▶ **Your instructions**: For each line below that includes the string "fixes", show the whole line.

Stored data entries

lemma nn_integral_indicator_le_twice_diff:
  fixes \<phi> :: "'a \<Rightarrow> ennreal"
  assumes S: "S \<in> sets F" and U: "U \<in> sets M"
    and half: "\<And>A. A \<in> sets F \<Longrightarrow> A \<subseteq> S \<Longrightarrow> 1/2 * measure M A \<le> measure M (A - U)"
    and \<phi>: "\<phi> \<in> borel_measurable F"
  shows "(\<integral>\<^sup>+ x. indicator S x * \<phi> x \<partial>M) \<le> 2 * (\<integral>\<^sup>+ x. indicator (S - U) x * \<phi> x \<partial>M)"
proof -
  have [measurable]: "S \<in> sets M" "U \<in> sets M"
    using subalg S U by (auto simp: subalgebra_def)
  have [measurable]: "\<phi> \<in> borel_measurable M" using measurable_from_subalg[OF subalg \<phi>] .
  \<comment> \<open>compare, on the sets of F, the measures with densities 1_S and 2 * 1_(S - U)\<close>
  define f1 where "f1 x = (indicator S x :: ennreal)" for x
  define f2 where "f2 x = 2 * (indicator (S - U) x :: ennreal)" for x
  have [measurable]: "f1 \<in> borel_measurable M" "f2 \<in> borel_measurable M"
    unfolding f1_def f2_def by measurable
  have sub_density: "subalgebra (density M f) F" for f
    using subalg by (auto simp: subalgebra_def)
  have emeasure_le: "emeasure (density M f1) A \<le> emeasure (density M f2) A" if A: "A \<in> sets F" for A
  proof -
    have [measurable]: "A \<in> sets M" using subalg A by (auto simp: subalgebra_def)
    have "emeasure (density M f1) A = measure M (A \<inter> S)"
      unfolding f1_def
      by (simp add: emeasure_density indicator_inter_arith[symmetric] emeasure_eq_measure Int_commute)
    also have "\<dots> \<le> ennreal (2 * measure M (A \<inter> (S - U)))"
      using half[of "A \<inter> S"] A S by (intro ennreal_leI) (auto simp: Int_Diff)
    also have "\<dots> = emeasure (density M f2) A"
      unfolding f2_def
      by (simp add: emeasure_density nn_integral_cmult indicator_inter_arith[symmetric]
          emeasure_eq_measure ennreal_mult Int_commute mult.assoc)
    finally show ?thesis .
  qed
  have "emeasure (restr_to_subalg (density M f1) F) A \<le> emeasure (restr_to_subalg (density M f2) F) A" for A
    using emeasure_le[of A]
    by (cases "A \<in> sets F")
      (simp_all add: emeasure_restr_to_subalg[OF sub_density] emeasure_notin_sets sets_restr_to_subalg[OF sub_density])
  then have "restr_to_subalg (density M f1) F \<le> restr_to_subalg (density M f2) F"
    by (auto simp: le_measure_iff le_fun_def space_restr_to_subalg sets_restr_to_subalg[OF sub_density])
  then have "(\<integral>\<^sup>+ x. \<phi> x \<partial>restr_to_subalg (density M f1) F) \<le> (\<integral>\<^sup>+ x. \<phi> x \<partial>restr_to_subalg (density M f2) F)"
    by (intro nn_integral_mono_measure) (simp add: sets_restr_to_subalg[OF sub_density])
  then show ?thesis
    using \<phi> by (simp add: nn_integral_subalgebra2[OF sub_density] nn_integral_density
        f1_def f2_def nn_integral_cmult mult.assoc)
qed

end

locale filtered_prob_space = prob_space M for M :: "'a measure" +
  fixes F :: "nat \<Rightarrow> 'a measure"
  assumes subalgebra_F: "subalgebra M (F k)"
    and sets_F_Suc: "sets (F k) \<subseteq> sets (F (Suc k))"
begin

lemma finite_measure_subalgebra_F: "finite_measure_subalgebra M (F k)"
  using subalgebra_F by unfold_locales

lemma space_F [simp]: "space (F k) = space M"
  using subalgebra_F by (simp add: subalgebra_def)

lemma sets_F_subset: "A \<in> sets (F k) \<Longrightarrow> A \<in> sets M"
  using subalgebra_F by (auto simp: subalgebra_def)

lemma sets_F_mono: "j \<le> k \<Longrightarrow> sets (F j) \<subseteq> sets (F k)"
  by (rule lift_Suc_mono_le[of "\<lambda>k. sets (F k)"]) (use sets_F_Suc in auto)

lemma measurable_F_mono: "j \<le> k \<Longrightarrow> g \<in> measurable (F j) N \<Longrightarrow> g \<in> measurable (F k) N"
  using sets_F_mono subalgebra_F by (intro measurable_from_subalg[of "F k" "F j"]) (auto simp: subalgebra_def)

lemma maximal_ineq:
  fixes h :: "'a \<Rightarrow> real" and n :: nat
  assumes int: "integrable M h" and h_nonneg: "\<And>x. 0 \<le> h x" and "0 < l"
  shows "ennreal l * emeasure M {x \<in> space M. \<exists>k\<le>n. l \<le> real_cond_exp M (F k) h x}
    \<le> (\<integral>\<^sup>+ x. indicator {x \<in> space M. \<exists>k\<le>n. l \<le> real_cond_exp M (F k) h x} x * ennreal (h x) \<partial>M)"
proof -
  define L where "L k = {x \<in> space M. l \<le> real_cond_exp M (F k) h x}" for k
  have L_F: "L j \<in> sets (F k)" if "j \<le> k" for j k
  proof -
    have [measurable]: "real_cond_exp M (F j) h \<in> borel_measurable (F k)"
      using measurable_F_mono[OF that borel_measurable_cond_exp] .
    show ?thesis unfolding L_def space_F[of k, symmetric] by measurable
  qed
  \<comment> \<open>disjointed L k is the event that the level is first reached at time k\<close>
  have D_F: "disjointed L k \<in> sets (F k)" for k
    unfolding disjointed_def using L_F by (intro sets.Diff sets.finite_UN) auto
  then have D_M [measurable]: "disjointed L k \<in> sets M" for k by (rule sets_F_subset)
  have level_set: "{x \<in> space M. \<exists>k\<le>n. l \<le> real_cond_exp M (F k) h x} = (\<Union>k\<in>{0..<Suc n}. disjointed L k)"
    unfolding finite_UN_disjointed_eq by (auto simp: L_def less_Suc_eq_le)
  have disj: "disjoint_family_on (disjointed L) {0..<Suc n}"
    by (rule disjoint_family_on_mono[OF _ disjoint_family_disjointed]) simp
  have "ennreal l * emeasure M (\<Union>k\<in>{0..<Suc n}. disjointed L k)
      = ennreal l * (\<Sum>k\<in>{0..<Suc n}. emeasure M (disjointed L k))"
    using disj by (subst sum_emeasure) auto
  also have "\<dots> = (\<Sum>k\<in>{0..<Suc n}. ennreal l * emeasure M (disjointed L k))"
    by (rule sum_distrib_left)
  also have "\<dots> \<le> (\<Sum>k\<in>{0..<Suc n}. \<integral>\<^sup>+ x. indicator (disjointed L k) x * ennreal (h x) \<partial>M)"
  proof (intro sum_mono)
    fix k
    interpret finite_measure_subalgebra M "F k" by (rule finite_measure_subalgebra_F)
    show "ennreal l * emeasure M (disjointed L k) \<le> (\<integral>\<^sup>+ x. indicator (disjointed L k) x * ennreal (h x) \<partial>M)"
      using \<open>0 < l\<close> disjointed_subset[of L k]
      by (intro mult_emeasure_le_of_real_cond_exp_ge[OF int h_nonneg D_F]) (auto simp: L_def)
  qed
  also have "\<dots> = (\<integral>\<^sup>+ x. (\<Sum>k\<in>{0..<Suc n}. indicator (disjointed L k) x * ennreal (h x)) \<partial>M)"
    using int by (intro nn_integral_sum[symmetric]) auto
  also have "\<dots> = (\<integral>\<^sup>+ x. indicator (\<Union>k\<in>{0..<Suc n}. disjointed L k) x * ennreal (h x) \<partial>M)"
    by (simp only: sum_distrib_right[symmetric] indicator_UN_disjoint[OF finite_atLeastLessThan disj])
  finally show ?thesis unfolding level_set .
qed

lemma maximal_ineq_L2:
  fixes h :: "'a \<Rightarrow> real"
  assumes int: "integrable M h" and h_nonneg: "\<And>x. 0 \<le> h x"
  shows "(\<integral>\<^sup>+ x. ennreal ((Max ((\<lambda>k. max 0 (real_cond_exp M (F k) h x)) ` {..n}))\<^sup>2) \<partial>M)
    \<le> 4 * (\<integral>\<^sup>+ x. ennreal ((h x)\<^sup>2) \<partial>M)"
proof (rule nn_integral_square_le_four_of_weak_type)
  fix t :: real assume "0 < t"
  then have "{x \<in> space M. t \<le> Max ((\<lambda>k. max 0 (real_cond_exp M (F k) h x)) ` {..n})}
      = {x \<in> space M. \<exists>k\<le>n. t \<le> real_cond_exp M (F k) h x}"
    by (auto simp: Max_ge_iff le_max_iff_disj)
  then show "ennreal t * emeasure M {x \<in> space M. t \<le> Max ((\<lambda>k. max 0 (real_cond_exp M (F k) h x)) ` {..n})}
      \<le> (\<integral>\<^sup>+ x. indicator {x \<in> space M. t \<le> Max ((\<lambda>k. max 0 (real_cond_exp M (F k) h x)) ` {..n})} x
        * ennreal (h x) \<partial>M)"
    using maximal_ineq[OF int h_nonneg \<open>0 < t\<close>] by simp
qed (use int h_nonneg in \<open>auto simp: Max_ge_iff\<close>)

lemma nn_integral_indicator_sparse_le:
  assumes sparse: "sparse_seq M F S" and \<phi>: "\<phi> \<in> borel_measurable (F k)"
  shows "(\<integral>\<^sup>+ x. indicator (S k) x * \<phi> x \<partial>M)
    \<le> 2 * (\<integral>\<^sup>+ x. indicator (S k - (\<Union>m\<in>{Suc k..}. S m)) x * \<phi> x \<partial>M)"
proof -
  interpret finite_measure_subalgebra M "F k" by (rule finite_measure_subalgebra_F)
  have [measurable]: "S m \<in> sets M" for m
    using sparse sets_F_subset unfolding sparse_seq_def by blast
  have "(\<Union>m\<in>{Suc k..}. S m) \<in> sets M" by measurable
  then show ?thesis
    using sparse \<phi> unfolding sparse_seq_def by (intro nn_integral_indicator_le_twice_diff) auto
qed

lemma sparse_sum_powr_le_powr_step:
  fixes u :: "nat \<Rightarrow> 'a \<Rightarrow> real"
  assumes sparse: "sparse_seq M F S" and "0 < p"
    and u_F: "\<And>k. u k \<in> borel_measurable (F k)" and u_nonneg: "\<And>k x. 0 \<le> u k x"
  shows "(\<integral>\<^sup>+ x. ennreal ((\<Sum>k<n. indicator (S k) x * u k x) powr p) \<partial>M)
    \<le> 2 * (\<integral>\<^sup>+ x. ennreal (powr_step p (Max ((\<lambda>k. u k x) ` {..n})) (\<Sum>k<n. indicator (S k) x * u k x)) \<partial>M)"
proof -
  define \<Phi> where "\<Phi> m x = (\<Sum>k<m. indicator (S k) x * u k x)" for m x
  define b where "b k x = powr_step p (u k x) (\<Phi> (Suc k) x)" for k x
  define B where "B x = powr_step p (Max ((\<lambda>k. u k x) ` {..n})) (\<Phi> n x)" for x
  define E where "E k = S k - (\<Union>m\<in>{Suc k..}. S m)" for k
  have S_F: "S k \<in> sets (F k)" for k using sparse by (simp add: sparse_seq_def)
  have [measurable]: "S k \<in> sets M" "u k \<in> borel_measurable M" for k
    using sets_F_subset[OF S_F] measurable_from_subalg[OF subalgebra_F u_F] by auto
  have b_F: "(\<lambda>x. ennreal (b k x)) \<in> borel_measurable (F k)" for k
  proof -
    have [measurable]: "S j \<in> sets (F k)" "u j \<in> borel_measurable (F k)" if "j \<le> k" for j
      using that sets_F_mono[of j k] S_F measurable_F_mono[OF that u_F] by auto
    show ?thesis unfolding b_def \<Phi>_def powr_step_def by measurable
  qed
  have [measurable]: "(\<lambda>x. ennreal (b k x)) \<in> borel_measurable M" "E k \<in> sets M" for k
    using measurable_from_subalg[OF subalgebra_F b_F] unfolding E_def by auto
  have [measurable]: "(\<lambda>x. ennreal (B x)) \<in> borel_measurable M"
    unfolding B_def \<Phi>_def powr_step_def by measurable
  have b_le_B: "b k x \<le> B x" if "k < n" for k x
    unfolding b_def B_def \<Phi>_def using that u_nonneg \<open>0 < p\<close>
    by (intro powr_step_mono sum_mono2 sum_nonneg Max_ge) auto
  have "(\<integral>\<^sup>+ x. ennreal (\<Phi> n x powr p) \<partial>M) \<le> (\<integral>\<^sup>+ x. (\<Sum>k<n. indicator (S k) x * ennreal (b k x)) \<partial>M)"
  proof (rule nn_integral_mono)
    fix x
    have "ennreal (\<Phi> n x powr p) \<le> (\<Sum>k<n. ennreal (indicator (S k) x * b k x))"
      using sum_indicator_powr_le_powr_step[OF \<open>0 < p\<close>, where u="\<lambda>k. u k x" and n=n and S=S and x=x] u_nonneg \<open>0 < p\<close>
      by (simp add: \<Phi>_def b_def ennreal_leI sum_ennreal powr_step_nonneg)
    then show "ennreal (\<Phi> n x powr p) \<le> (\<Sum>k<n. indicator (S k) x * ennreal (b k x))"
      by (simp only: indicator_mult_ennreal)
  qed
  also have "\<dots> = (\<Sum>k<n. \<integral>\<^sup>+ x. indicator (S k) x * ennreal (b k x) \<partial>M)"
    by (rule nn_integral_sum) measurable
  also have "\<dots> \<le> (\<Sum>k<n. 2 * \<integral>\<^sup>+ x. indicator (E k) x * ennreal (b k x) \<partial>M)"
    unfolding E_def by (intro sum_mono nn_integral_indicator_sparse_le[OF sparse b_F])
  also have "\<dots> \<le> (\<Sum>k<n. 2 * \<integral>\<^sup>+ x. indicator (E k) x * ennreal (B x) \<partial>M)"
    using b_le_B by (intro sum_mono mult_left_mono nn_integral_mono) (auto simp: indicator_def ennreal_leI)
  also have "\<dots> = 2 * (\<integral>\<^sup>+ x. (\<Sum>k<n. indicator (E k) x * ennreal (B x)) \<partial>M)"
    by (subst nn_integral_sum) (measurable, simp add: sum_distrib_left)
  also have "\<dots> = 2 * (\<integral>\<^sup>+ x. indicator (\<Union>k<n. E k) x * ennreal (B x) \<partial>M)"
    using disjoint_family_Diff_UN_Suc[of S] unfolding E_def
    by (simp add: sum_distrib_right[symmetric] indicator_UN_disjoint disjoint_family_on_def)
  also have "\<dots> \<le> 2 * (\<integral>\<^sup>+ x. ennreal (B x) \<partial>M)"
    by (intro mult_left_mono nn_integral_mono) (auto simp: indicator_def)
  finally show ?thesis unfolding \<Phi>_def B_def .
qed

lemma sparse_sum_powr_le:
  fixes u :: "nat \<Rightarrow> 'a \<Rightarrow> real"
  assumes sparse: "sparse_seq M F S" and "0 < p"
    and u_F: "\<And>k. u k \<in> borel_measurable (F k)" and u_nonneg: "\<And>k x. 0 \<le> u k x"
  shows "(\<integral>\<^sup>+ x. ennreal ((\<Sum>k<n. indicator (S k) x * u k x) powr p) \<partial>M)
    \<le> ennreal (2 + 4 * p * (4 * p) powr (p - 1)) * (\<integral>\<^sup>+ x. ennreal ((Max ((\<lambda>k. u k x) ` {..n})) powr p) \<partial>M)"
proof (rule nn_integral_powr_le_of_powr_step[OF \<open>0 < p\<close> _ _ _ _ _ _
      sparse_sum_powr_le_powr_step[OF sparse \<open>0 < p\<close> u_F u_nonneg]])
  have [measurable]: "S k \<in> sets M" "u k \<in> borel_measurable M" for k
    using sparse sets_F_subset measurable_from_subalg[OF subalgebra_F u_F] by (auto simp: sparse_seq_def)
  show "(\<lambda>x. Max ((\<lambda>k. u k x) ` {..n})) \<in> borel_measurable M"
    "(\<lambda>x. \<Sum>k<n. indicator (S k) x * u k x) \<in> borel_measurable M"
    by measurable
  show "0 \<le> Max ((\<lambda>k. u k x) ` {..n})" for x
    using u_nonneg[of 0 x] by (auto intro: order_trans[OF _ Max_ge])
  show "(\<Sum>k<n. indicator (S k) x * u k x) \<le> real n * Max ((\<lambda>k. u k x) ` {..n})" for x
  proof -
    have "(\<Sum>k<n. indicator (S k) x * u k x) \<le> (\<Sum>k<n. Max ((\<lambda>k. u k x) ` {..n}))"
      using u_nonneg[of 0 x] by (intro sum_mono) (auto simp: indicator_def intro: order_trans[OF _ Max_ge])
    then show ?thesis by simp
  qed
qed (use u_nonneg in \<open>auto intro: sum_nonneg\<close>)
(* Let $\Gamma$ be a weighted digraph with vertex set $\{1,\dots,n\}$, $n>1$, without loops and with strictly positive arc weights, let $L$ be its Laplacian matrix, $d$ its in-forest dimension, and $\tilde J=\sigma_{n-d}^{-1}Q_{n-d}$ its normalized matrix of maximum in-forests. Then: (i) $L+\tilde J^{*}$ is nonsingular; (ii) $\operatorname{rank}L=n-\operatorname{rank}\tilde J=n-d$; (iii) $\mathcal N(L)=\mathcal R(\tilde J)$ and $\mathcal R(L)=\mathcal N(\tilde J)$; (iv) $\mathcal R(L)\cap\mathcal R(\tilde J)=\{\mathbf 0\}$; (v) $\operatorname{ind}L=1$; (vi) $\tilde J$ is the eigenprojection of $L$.
   Context: $W=(w_{ij})$ is the matrix of arc weights ($w_{ij}>0$ iff there is an arc $i\to j$, else $0$). The Laplacian $L=(\ell_{ij})$: $\ell_{ij}=-w_{ij}$ for $j\ne i$, $\ell_{ii}=\sum_{k\ne i}w_{ik}$. The weight of a subgraph is the product of its arc weights (1 if no arcs); the weight of a set of subgraphs is the sum of their weights. A converging tree is a weakly connected digraph with one vertex (the root) of outdegree 0 and all others of outdegree 1; an in-forest is a spanning subgraph of $\Gamma$ whose weak components are converging trees. The in-forest dimension $d$ is the minimal number of trees in an in-forest of $\Gamma$ (so in-forests have at most $n-d$ arcs). $\sigma_k$ is the total weight of in-forests with $k$ arcs; $Q_k=(q^k_{ij})$ with $q^k_{ij}$ the total weight of in-forests with $k$ arcs in which $i$ lies in a tree rooted at $j$. $A^*$ is the conjugate transpose, $\mathcal R(A)$ the range and $\mathcal N(A)$ the null space of $A$. The index $\operatorname{ind}A$ of a square matrix is the least $k\ge0$ with $\operatorname{rank}A^{k+1}=\operatorname{rank}A^k$. The eigenprojection of $A$ is the idempotent matrix $B$ with $\mathcal R(B)=\mathcal N(A^\nu)$ and $\mathcal N(B)=\mathcal R(A^\nu)$, where $\nu=\operatorname{ind}A$. *)

theory Defs
  imports "HOL-Analysis.Analysis"
begin

text \<open>Vertices are the elements of a finite type 'n (playing the role of {1,...,n}, n = CARD('n)).
  A weighted digraph is given by its weight matrix W; there is an arc i->j iff W$i$j > 0.\<close>

definition arcs :: "real^'n^'n \<Rightarrow> ('n \<times> 'n) set" where
  "arcs W = {(i,j). W $ i $ j > 0}"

▶ **Written response**:
  fixes \<phi> :: "'a \<Rightarrow> ennreal"
  fixes F :: "nat \<Rightarrow> 'a measure"
  fixes h :: "'a \<Rightarrow> real" and n :: nat
  fixes h :: "'a \<Rightarrow> real"
  fixes u :: "nat \<Rightarrow> 'a \<Rightarrow> real"
  fixes u :: "nat \<Rightarrow> 'a \<Rightarrow> real"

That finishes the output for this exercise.